2. The preparation method according to claim 1, wherein in the austenitizing treatment in the step (1), the temperature for forming the austenite single-phase region is 800-900 ℃ and/or the holding time is 10-60 min; and/or in the pearlite transformation in the step (1), the formation temperature of a two-phase region of the ferrite and the cementite is 500-650 ℃, and/or the heat preservation time is 2-24 hours.

3. The method according to claim 1, wherein the first temperature rise rate is 0.1 to 25 ℃/s, and/or the second temperature rise rate is 1 to 25 ℃/s.
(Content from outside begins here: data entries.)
(* Let $\Omega$ be an infinite locally compact metric space, $T:\Omega\to\Omega$ continuous, and $\nu$ a nonzero Radon measure on $(\Omega,\mathcal{B}(\Omega))$. If the dynamical system $(\Omega,T)$ is chaotic with respect to $\nu$, then it is topologically transitive.
   Context: $(\Omega,T)$ is chaotic with respect to $\nu$ if for $\nu$-almost every $x_0\in\Omega$ and every nonempty open $U\subset\Omega$ there is $n\in\mathbb{N}$ with $T^n(x_0)\in U$. $(\Omega,T)$ is topologically transitive if for all nonempty open sets $U,V\subset\Omega$ there exists $n\ge0$ with $T^{-n}(U)\cap V\neq\emptyset$. *)

theory Defs
  imports "HOL-Analysis.Analysis"
begin

definition radon_measure :: "'a::metric_space measure \<Rightarrow> bool" where
  "radon_measure M \<longleftrightarrow>
     sets M = sets borel \<and>
     (\<forall>K. compact K \<longrightarrow> emeasure M K < \<infinity>) \<and>
     (\<forall>A\<in>sets M. emeasure M A = (INF U\<in>{U. open U \<and> A \<subseteq> U}. emeasure M U)) \<and>
     (\<forall>U. open U \<longrightarrow> emeasure M U = (SUP K\<in>{K. compact K \<and> K \<subseteq> U}. emeasure M K))"

definition chaotic_wrt :: "'a::topological_space measure \<Rightarrow> ('a \<Rightarrow> 'a) \<Rightarrow> bool" where
  "chaotic_wrt \<nu> T \<longleftrightarrow>
     (AE x in \<nu>. \<forall>U. open U \<and> U \<noteq> {} \<longrightarrow> (\<exists>n\<ge>1. (T ^^ n) x \<in> U))"

definition topologically_transitive :: "('a::topological_space \<Rightarrow> 'a) \<Rightarrow> bool" where
  "topologically_transitive T \<longleftrightarrow>
     (\<forall>U V. open U \<and> U \<noteq> {} \<and> open V \<and> V \<noteq> {} \<longrightarrow>
        (\<exists>n::nat. (T ^^ n) -` U \<inter> V \<noteq> {}))"

end

theory Submission
  imports Defs
begin

text \<open>Since \<open>\<nu>\<close> is nonzero, chaos yields a single point \<open>x\<close> whose forward orbit meets every
nonempty open set. Such a point is not isolated: otherwise \<open>T\<^sup>q x = x\<close> for some \<open>q \<ge> 1\<close>, the orbit is
finite, and its nonempty open complement (the space is infinite) is never visited. Hence every
open neighbourhood \<open>W\<close> of \<open>x\<close> is infinite; applied to \<open>W = (T\<^sup>j)\<inverse> U\<close> minus finitely many orbit
points, this shows that the orbit enters \<open>U\<close> at arbitrarily late times. So if \<open>T\<^sup>m x \<in> V\<close>, then
\<open>T\<^sup>n x \<in> U\<close> for some \<open>n > m\<close>, and \<open>T\<^sup>m x\<close> is a point of \<open>V\<close> mapped into \<open>U\<close> by \<open>T\<^sup>n\<^sup>-\<^sup>m\<close>.\<close>

definition dense_forward_orbit :: "('a::topological_space \<Rightarrow> 'a) \<Rightarrow> 'a \<Rightarrow> bool" where
  "dense_forward_orbit T x \<longleftrightarrow> (\<forall>U. open U \<and> U \<noteq> {} \<longrightarrow> (\<exists>n\<ge>1. (T ^^ n) x \<in> U))"

lemma chaotic_wrt_iff_AE_dense_forward_orbit:
  "chaotic_wrt \<nu> T \<longleftrightarrow> (AE x in \<nu>. dense_forward_orbit T x)"
  unfolding chaotic_wrt_def dense_forward_orbit_def ..

lemma continuous_on_funpow:
  assumes "continuous_on S T" and "T ` S \<subseteq> S"
  shows "continuous_on S (T ^^ n)"
proof (induction n)
  case 0
  then show ?case by (simp add: continuous_on_id)
next
  case (Suc n)
  have "continuous_on S ((T ^^ n) \<circ> T)"
    using assms Suc.IH by (intro continuous_on_compose) (auto intro: continuous_on_subset)
  then show ?case by (simp only: funpow_Suc_right)
qed

lemma AE_imp_ex:
  assumes "AE x in M. P x" and "emeasure M (space M) \<noteq> 0"
  shows "\<exists>x. P x"
  using assms by (intro eventually_happens') (simp_all add: ae_filter_eq_bot_iff)

lemma dense_forward_orbit_islimpt:
  fixes x :: "'a::t1_space"
  assumes "infinite (UNIV :: 'a set)" and orbit: "dense_forward_orbit T x"
  shows "x islimpt UNIV"
proof (rule ccontr)
  assume "\<not> x islimpt UNIV"
  then have "open {x}" by (simp add: islimpt_UNIV_iff)
  then obtain q where "q \<ge> 1" and period: "(T ^^ q) x = x"
    using orbit unfolding dense_forward_orbit_def by blast
  define Orb where "Orb = (\<lambda>i. (T ^^ i) x) ` {..<q}"
  have "finite Orb" unfolding Orb_def by simp
  then have "open (- Orb)"
    by (simp add: finite_imp_closed open_Compl)
  have "- Orb \<noteq> {}"
  proof
    assume "- Orb = {}"
    then have "Orb = UNIV" by blast
    with \<open>finite Orb\<close> assms(1) show False by simp
  qed
  with \<open>open (- Orb)\<close> obtain n where "(T ^^ n) x \<notin> Orb"
    using orbit unfolding dense_forward_orbit_def by blast
  moreover have "(T ^^ n) x = (T ^^ (n mod q)) x"
    using funpow_mod_eq[OF period] by simp
  ultimately show False
    using \<open>q \<ge> 1\<close> unfolding Orb_def by auto
qed

lemma dense_forward_orbit_visits_late:
  fixes x :: "'a::t1_space"
  assumes "x islimpt UNIV" and "continuous_on UNIV T" and orbit: "dense_forward_orbit T x"
    and "open U" and "U \<noteq> {}"
  shows "\<exists>n>m. (T ^^ n) x \<in> U"
proof -
  obtain j where "(T ^^ j) x \<in> U"
    using orbit assms(4,5) unfolding dense_forward_orbit_def by blast
  define W where "W = (T ^^ j) -` U"
  have "open W"
    unfolding W_def using assms(2,4) continuous_on_funpow[of UNIV T j]
    by (simp add: open_vimage)
  have "x \<in> W" unfolding W_def using \<open>(T ^^ j) x \<in> U\<close> by simp
  define F where "F = (\<lambda>i. (T ^^ i) x) ` {..m}"
  have "finite F" unfolding F_def by simp
  have "infinite W"
    using assms(1) \<open>open W\<close> \<open>x \<in> W\<close> by (simp add: islimpt_eq_acc_point)
  then have "W - F \<noteq> {}"
    using \<open>finite F\<close> by (metis Diff_eq_empty_iff finite_subset)
  moreover have "open (W - F)"
    using \<open>open W\<close> \<open>finite F\<close> by (intro open_Diff finite_imp_closed)
  ultimately obtain k where "(T ^^ k) x \<in> W" and "(T ^^ k) x \<notin> F"
    using orbit unfolding dense_forward_orbit_def by blast
  have "k > m"
  proof (rule ccontr)
    assume "\<not> k > m"
    then have "(T ^^ k) x \<in> F" unfolding F_def by simp
    with \<open>(T ^^ k) x \<notin> F\<close> show False ..
  qed
  moreover have "(T ^^ (j + k)) x \<in> U"
    using \<open>(T ^^ k) x \<in> W\<close> unfolding W_def by (simp add: funpow_add)
  ultimately show ?thesis
    by (intro exI[of _ "j + k"]) simp
qed

lemma dense_forward_orbit_imp_topologically_transitive:
  fixes T :: "'a::t1_space \<Rightarrow> 'a"
  assumes "infinite (UNIV :: 'a set)" and "continuous_on UNIV T" and "dense_forward_orbit T x"
  shows "topologically_transitive T"
  unfolding topologically_transitive_def
proof (intro allI impI)
  fix U V :: "'a set"
  assume UV: "open U \<and> U \<noteq> {} \<and> open V \<and> V \<noteq> {}"
  then obtain m where "(T ^^ m) x \<in> V"
    using assms(3) unfolding dense_forward_orbit_def by blast
  obtain n where "n > m" and "(T ^^ n) x \<in> U"
    using dense_forward_orbit_visits_late[OF dense_forward_orbit_islimpt[OF assms(1,3)] assms(2,3)] UV
    by blast
  have "(T ^^ (n - m)) ((T ^^ m) x) = (T ^^ n) x"
    using \<open>n > m\<close> fun_cong[OF funpow_add[of "n - m" m T], of x] by simp
  with \<open>(T ^^ m) x \<in> V\<close> \<open>(T ^^ n) x \<in> U\<close> show "\<exists>n. (T ^^ n) -` U \<inter> V \<noteq> {}"
    by blast
qed

theorem mainTheorem4:
  fixes T :: "'a::metric_space \<Rightarrow> 'a" and \<nu> :: "'a measure"
  assumes "infinite (UNIV :: 'a set)"
    and "locally compact (UNIV :: 'a set)"
    and "continuous_on UNIV T"
    and "radon_measure \<nu>"
    and "emeasure \<nu> (space \<nu>) \<noteq> 0"
    and "chaotic_wrt \<nu> T"
  shows "topologically_transitive T"
proof -
  obtain x where "dense_forward_orbit T x"
    using AE_imp_ex assms(5,6) by (auto simp: chaotic_wrt_iff_AE_dense_forward_orbit)
  then show ?thesis
    using dense_forward_orbit_imp_topologically_transitive assms(1,3) by blast
qed

end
4. The method according to claim 3, wherein the first temperature rise rate is 0.5 to 1.5 ℃/s, and/or the second temperature rise rate is 5 to 10 ℃/s.

5. The method according to claim 1, wherein in the step (2), the preheating temperature is 500 to 680 ℃, and/or the holding time is 0 to 300 s.

6. The method according to claim 1, wherein in the step (2), the austenite reverse transformation temperature is 730-800 ℃, and/or the holding time is 0-120 s.

7. The production method according to claim 1, wherein in the step (3), the tempering treatment conditions are: heating the mixture from room temperature to 150-300 ℃, preserving the heat for 10 s-120 min, and then cooling the mixture to room temperature.

8. The preparation method according to claim 7, wherein in the steps (2) and (3), the temperature reduction rate is 20-200 ℃/s.

9. Manganese steel in a heterogeneous lamellar structure, produced according to the method of production described in any one of claims 1 to 8.